Relativity (1966) Ed Emschwiller once said that he would love to be a camera. Indeed for him the camera is an extension of his body, swooping, swaying, constantly moving, discovering, probing, thrusting, even violating spaces. Made over a three-year period, Relativity takes a cosmic view and a microcosmic view of the universe: from the golf ball to the galaxy in two shots. Given the extreme physicality of Emshwiller’s moving camera, it is not surprising that he seems most interested in experiencing the textures of life, caressing a field of flowers, a pig’s innards, and miles of computer wires with the same fascination. More than other directors, Emshwiller gives his voyeuristic drive completely free rein, unabashedly scopophilic, implicating the viewer in his extreme subjectivity. True to many 1960s filmmakers, though, the medium is the message, the image is the idea.

Chicago Convention Challenge (1968)  The Newsreel was founded in December 1967 in New York by a group of filmmakers, organizing a collective to record contemporary events in opposition to the ideological thrust of the American mass media. The Newsreel films look like battle footage, extremely grainy, without synchronous sound, almost consciously unprofessional, all overlaid with a first-person narration in manifest opposition to the disingenuous objectivity of the evening news. Chicago Convention Challenge, Newsreel # 17, was in many ways a diary film from the point of view of the grunt in the street, rather than from the podiums of power, covering the “Days of Rage” in those August nights of the 1968 Democratic National Convention. True to leftist politics, the film also contains its own critiques, uncertainties, and mistakes, thereby creating a sense of immediacy, of the process of history unfolding. The whole world was watching.
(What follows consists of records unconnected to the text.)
(* In every run of the algorithm described in the context, at every time and for every $i\in\{1,\dots,n\}$, the sequence $history_i[0..w\_sync_i[i]]$ is a prefix of the sequence $history_w[0..w\_sync_w[w]]$.
   Context: Model. There are $n$ asynchronous processes $p_1,\dots,p_n$, of which up to $t<n/2$ may crash; a process runs its algorithm correctly until it crashes. Each ordered pair of processes is linked by a reliable (no loss, corruption, duplication or creation), asynchronous, not necessarily FIFO channel. $p_w$ is the single writer, invoking writes sequentially; $v_0$ is the initial value. Messages: $\textsc{write}(b,v)$ with $b\in\{0,1\}$, which stands for the two types $\textsc{write0}(v)$ and $\textsc{write1}(v)$; $\textsc{read}()$; $\textsc{proceed}()$. Variables of $p_i$. These are: $history_i$ with $history_i[0]=v_0$; $w\_sync_i[1..n]$, initially all $0$; $r\_sync_i[1..n]$, initially all $0$. $\mathsf{write}(v)$ by $p_w$: $wsn\gets w\_sync_w[w]+1$; $w\_sync_w[w]\gets wsn$; $history_w[wsn]\gets v$. Send $\textsc{write}(wsn\bmod 2,v)$ to each $p_j$ with $w\_sync_w[j]=wsn-1$. Wait until at least $n-t$ indices $j$ have $w\_sync_w[j]=wsn$. Return. $\mathsf{read}()$ by $p_i$: $r\_sync_i[i]\gets r\_sync_i[i]+1$ and call the new value $rsn$. Send $\textsc{read}()$ to all $p_j$ with $j\ne i$. Wait until at least $n-t$ indices $j$ have $r\_sync_i[j]=rsn$. Let $sn\gets w\_sync_i[i]$. Wait until at least $n-t$ indices $j$ have $w\_sync_i[j]\ge sn$. Return $history_i[sn]$. On receipt of $\textsc{write}(b,v)$ from $p_j$ at $p_i$: Wait until $b=(w\_sync_i[j]+1)\bmod 2$. Let $wsn\gets w\_sync_i[j]+1$. If $wsn=w\_sync_i[i]+1$, then set $w\_sync_i[i]\gets wsn$ and $history_i[wsn]\gets v$, and send $\textsc{write}(wsn\bmod 2,v)$ to each $p_\ell$ with $w\_sync_i[\ell]=wsn-1$. Else, if $wsn<w\_sync_i[i]$, send $\textsc{write}((wsn+1)\bmod 2,history_i[wsn+1])$ to $p_j$. Finally set $w\_sync_i[j]\gets wsn$. On receipt of $\textsc{read}()$ from $p_j$ at $p_i$: Let $sn\gets w\_sync_i[i]$; wait until $w\_sync_i[j]\ge sn$; send $\textsc{proceed}()$ to $p_j$. On receipt of $\textsc{proceed}()$ from $p_j$ at $p_i$: $r\_sync_i[j]\gets r\_sync_i[j]+1$. Message handlers run concurrently; a waiting handler does not block the reception of other messages. *)

theory Defs
  imports Main "HOL-Library.Multiset" "HOL-Library.Sublist"
begin

text \<open>Processes are numbered 1..n; p_w is the writer. Messages: WRITE(b,v) with b in {0,1},
  READ(), PROCEED().\<close>

datatype 'v msg = WriteM nat 'v | ReadM | ProceedM

text \<open>Control state of the (sequential) operation currently executed by a process:
  Idle; W wsn = write with sequence number wsn waiting for n-t acknowledgements;
  R1 rsn = read waiting for n-t PROCEED rounds; R2 sn = read waiting for n-t w_sync entries >= sn.\<close>
datatype opst = Idle | W nat | R1 nat | R2 nat

record 'v conf =
  hist :: "nat \<Rightarrow> nat \<Rightarrow> 'v"          \<comment> \<open>hist s i k = history_i[k]\<close>
  wsync :: "nat \<Rightarrow> nat \<Rightarrow> nat"        \<comment> \<open>wsync s i j = w_sync_i[j]\<close>
  rsync :: "nat \<Rightarrow> nat \<Rightarrow> nat"        \<comment> \<open>rsync s i j = r_sync_i[j]\<close>
  opc :: "nat \<Rightarrow> opst"
  pend :: "(nat \<times> nat \<times> nat) multiset"  \<comment> \<open>(i,j,sn): READ handler at p_i for p_j, waiting for w_sync_i[j] >= sn\<close>
  net :: "(nat \<times> nat \<times> 'v msg) multiset"  \<comment> \<open>(src,dst,m): sent, not yet handled\<close>
  crashed :: "nat set"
Soc. Sciences 127 (1969, Danny Lyon)

Soc. Sciences 127 (1969) Danny Lyon’s first film begins and ends with its hero, the tattooist/photographer Bill Sanders, lecturing on tattooing in what appears to be a college classroom. This is, in fact, only a ruse, since Lyon subsequently makes clear that Sanders’ knowledge is hardly taught in an institution of higher learning. The latter exists ostensibly to produce knowledge in a “production-profit” system. Sanders, on the other hand, turns his knowledge against the institutional conception of education when he quizzes a female client on the Latin root of “fellatio,” while ornamenting her naked breasts.  For Danny Lyon, Sanders is a scientist, a philosopher, a documentarian. His polaroids mimic the scientific method of inquiry, of taxonomy, of classification. Like his near namesake, August Sander, Bill Sanders uses photographic media to capture human bodies. Each image is framed similarly. They are hung with thumb-tacks, side-by-side, row-by-row, for comparison and classification. While the institutions of learning utilize classification as an instrument for social control, Sanders’ photographs are not rarified: They are throw-away objects, as ephemeral as the serendipity at their root. They are indices of a freedom beyond institutional control.